Selegiline (Deprenyl) : It is a selective and irreversible MAOB inhibitor. Two isoenzyme forms of MAO, termed MAOA and MAOB are recognized; both are present in peripheral adrenergic structures and intestinal mucosa, while the latter predominates in the brain and blood platelets.
MAO-B INHIBITOR
Selegiline (Deprenyl)
It is a selective and irreversible MAOB
inhibitor. Two isoenzyme forms of MAO, termed MAOA and MAOB are recognized;
both are present in peripheral adrenergic structures and intestinal mucosa,
while the latter predominates in the brain and blood platelets. Unlike nonselective
MAO inhibitors, selegiline in low doses (10 mg/day) does not interfere with
peripheral metabolism of dietary amines; CA accumulation and hypertensive
reaction does not develop, while intracerebral degradation of DA is retarded.
This is responsible for the therapeutic effect in parkinsonism. Higher doses
can produce hypertensive interactions.
Selegiline alone has mild antiparkinsonian action in early
cases. Administered with levodopa, it prolongs levodopa action, attenuates
motor fluctuations and decreases ‘wearing off’ effect. As an adjuvant to
levodopa, it is beneficial in 50–70% patients and permits 20–30% reduction in
levodopa dose. However, advanced cases with ‘on-off’ effect are not improved
and the peak dose levodopa side effects such as dyskinesias, mental confusion
or hallucinations may be worsened. Moreover, clinical benefits derived from
selegiline are short lived (6–26 months).
Based on the hypothesis that oxidation of DA and/or
environmental toxins (MPTP-like) in the striatum by MAO to free radicals was
causative in parkinsonism, it was proposed that early therapy with selegiline
might delay progression of the disorder. However, no difference in the course of
the disease has been detected on follow up of selegiline treated patients in
large multicentric studies.
Adverse Effects
Postural hypotension, nausea, confusion,
accentuation of levodopa induced involuntary movements and psychosis.
Contraindicated in patients with convulsive disorders.

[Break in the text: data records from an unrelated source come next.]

(* Let $G$ be an edge-coloured multigraph, $t \ge 5$, $M$ a rainbow matching of maximum size in $G$, $C_0$ the set of colours not used on $M$, and $N$ a $t$-auxiliary matching for $M$. Then (i) there is no $(C_0 \cup C_N)$-coloured edge vertex-disjoint from the matching $N \cup (M\setminus M_N)$, and (ii) there is no $(C_0\cup C_N)$-rainbow horn in the matching $N \cup (M \setminus M_N)$.
   Context: A rainbow matching is a matching whose edges have pairwise distinct colours; an edge is $C$-coloured if its colour lies in $C$. Let $V$ be the vertex set of $G$. For a rainbow matching $M$ with unused colour set $C_0$, a $t$-auxiliary matching for $M$ is a matching $N$ each of whose edges has one endpoint in $V\setminus V(M)$ and the other in $V(M)$, such that for each edge of $N$ its pair of endpoints is joined by edges of at least $t$ distinct colours from $C_0$, and no two edges of $N$ intersect the same edge of $M$. $M_N \subseteq M$ is the set of edges of $M$ intersecting an edge of $N$, and $C_N$ is the set of colours of the edges of $M_N$. For a matching $L$, a $C$-rainbow horn in $L$ is an edge $e\in L$ such that there exist two vertex-disjoint edges $e_1,e_2$, each with one endpoint in $e$ and the other in $V\setminus V(L)$, of two distinct colours $c_1,c_2\in C$. *)

theory Defs
  imports Main
begin

text \<open>An edge-coloured multigraph: vertex set V, edge set E (edges are abstract objects,
so parallel edges are allowed), endpoint map ends and colouring col.\<close>

definition multigraph :: "'v set \<Rightarrow> 'e set \<Rightarrow> ('e \<Rightarrow> 'v set) \<Rightarrow> bool" where
  "multigraph V E ends \<longleftrightarrow> finite V \<and> finite E \<and>
     (\<forall>e\<in>E. ends e \<subseteq> V \<and> card (ends e) = 2)"

definition matching :: "'e set \<Rightarrow> ('e \<Rightarrow> 'v set) \<Rightarrow> 'e set \<Rightarrow> bool" where
  "matching E ends M \<longleftrightarrow> M \<subseteq> E \<and>
     (\<forall>e\<in>M. \<forall>f\<in>M. e \<noteq> f \<longrightarrow> ends e \<inter> ends f = {})"

definition rainbow_matching ::
  "'e set \<Rightarrow> ('e \<Rightarrow> 'v set) \<Rightarrow> ('e \<Rightarrow> 'c) \<Rightarrow> 'e set \<Rightarrow> bool" where
  "rainbow_matching E ends col M \<longleftrightarrow> matching E ends M \<and> inj_on col M"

Selegeline interacts with pethidine causing excitement,
rigidity, hyperthermia, respiratory depression. It may also interact with
tricyclic antidepressants and selective serotonin reuptake inhibitors.
ELDEPRYL 5, 10 mg tab;
SELERIN, SELGIN 5 mg tab; Dose: 5 mg with breakfast
and with lunch, either alone (in
early cases) or with levodopa/carbidopa. Reduce by 1/4th levodopa dose after
2–3 days of adding selegiline.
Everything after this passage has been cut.